LATEST ARTICLES
Mayor proposes major new delivery fund for South Yorkshire
University of Sheffield to help transform UK steel and manufacturing
Two new research hubs set to revolutionise UK steel and digital manufacturing have been launched with the help of University of Sheffield researchers.
IGNITE hub, led by Swansea University in collaboration with professor Lenny Koh from the University of Sheffield’s Management School, will transform the UK’s steel industry’s supply chain, enhancing both the physical infrastructure and national security.
The new hub will explore how cutting-edge university research can accelerate industrial decarbonisation in the UK manufacturing industry. The primary goal is to deliver strategic, environmental and economic resilience for key strategic areas of the UK manufacturing economy including defence, transport and energy.
With the UK’s growing green steel demand outpacing domestic supply, IGNITE aims to boost domestic steel production, cut emissions and support low-carbon business models. It will develop smarter ways to manage, track and recycle the UK’s abundant supply of high-quality scrap whilst reshaping steel design and use to maintain quality and extend product life.
IGNITE stands for Indigenous Green-steel for Net-zero Innovation, Technology and Enterprise. It is funded by an £11 million investment from the UKRI Engineering and Physical Sciences Research Council (EPSRC) as part of their flagship Sustainable Manufacturing Research Hubs program and is complemented by £11.9 million in partner funding.
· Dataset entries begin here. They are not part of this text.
(* Let $\alpha>0$ and define, for $\varrho\in[0,1]$, \[ \Xi(\varrho)=-S(\varrho)+\varrho\log\pi_1(\alpha\varrho)+(1-\varrho)\log\pi_1\bigl(\alpha(1-\varrho)\bigr)-\alpha\varrho(1-\varrho). \] Then $\Xi$ is continuous on $[0,1]$, symmetric about $\varrho=1/2$ (i.e. $\Xi(\varrho)=\Xi(1-\varrho)$), strictly convex on $[0,1]$, and consequently $\Xi(\varrho)<\Xi(0)$ for all $\varrho\in(0,1)$. Moreover, the function $G(\eta)=\eta\log\frac{1-\mathrm{e}^{-\eta}}{\eta}$ satisfies $G''(\eta)+1>0$ for all $\eta>0$.
   Context: $S(\varrho)=\varrho\log\varrho+(1-\varrho)\log(1-\varrho)$ with the convention $0\log0=0$; $\pi_1(x)=1-\mathrm{e}^{-x}$; the terms $\varrho\log\pi_1(\alpha\varrho)$ and $(1-\varrho)\log\pi_1(\alpha(1-\varrho))$ are interpreted as $0$ at $\varrho=0$ and $\varrho=1$ respectively. *)

theory Defs
  imports "HOL-Analysis.Analysis"
begin

definition Sent :: "real \<Rightarrow> real" where
  "Sent \<rho> = (if \<rho> = 0 then 0 else \<rho> * ln \<rho>)
           + (if \<rho> = 1 then 0 else (1 - \<rho>) * ln (1 - \<rho>))"

definition pi1 :: "real \<Rightarrow> real" where
  "pi1 x = 1 - exp (- x)"

definition Xi :: "real \<Rightarrow> real \<Rightarrow> real" where
  "Xi \<alpha> \<rho> = - Sent \<rho>
      + (if \<rho> = 0 then 0 else \<rho> * ln (pi1 (\<alpha> * \<rho>)))
      + (if \<rho> = 1 then 0 else (1 - \<rho>) * ln (pi1 (\<alpha> * (1 - \<rho>))))
      - \<alpha> * \<rho> * (1 - \<rho>)"

definition Gfun :: "real \<Rightarrow> real" where
  "Gfun \<eta> = \<eta> * ln ((1 - exp (- \<eta>)) / \<eta>)"

definition strict_convex_on :: "real set \<Rightarrow> (real \<Rightarrow> real) \<Rightarrow> bool" where
  "strict_convex_on A f \<longleftrightarrow>
     (\<forall>x\<in>A. \<forall>y\<in>A. \<forall>t. x \<noteq> y \<and> 0 < t \<and> t < 1 \<longrightarrow>
        f ((1 - t) * x + t * y) < (1 - t) * f x + t * f y)"

end

theory Submission
  imports Defs "HOL-Real_Asymp.Real_Asymp"
begin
Professor Lenny Koh, deputy director of IGNITE and chair in operations management at the University of Sheffield, said: “The IGNITE manufacturing hub will play an important role to enhance UK security, resilience and competitiveness across defence, energy and transport by transforming the UK manufacturing industry through holistic sustainability and supply chain optimisation of circular steels.
“The groundbreaking transdisciplinary work in IGNITE includes green steels / new materials, novel technologies, new models and tools co-developed with partners via a demand-led approach, maximising impact opportunities from day one.”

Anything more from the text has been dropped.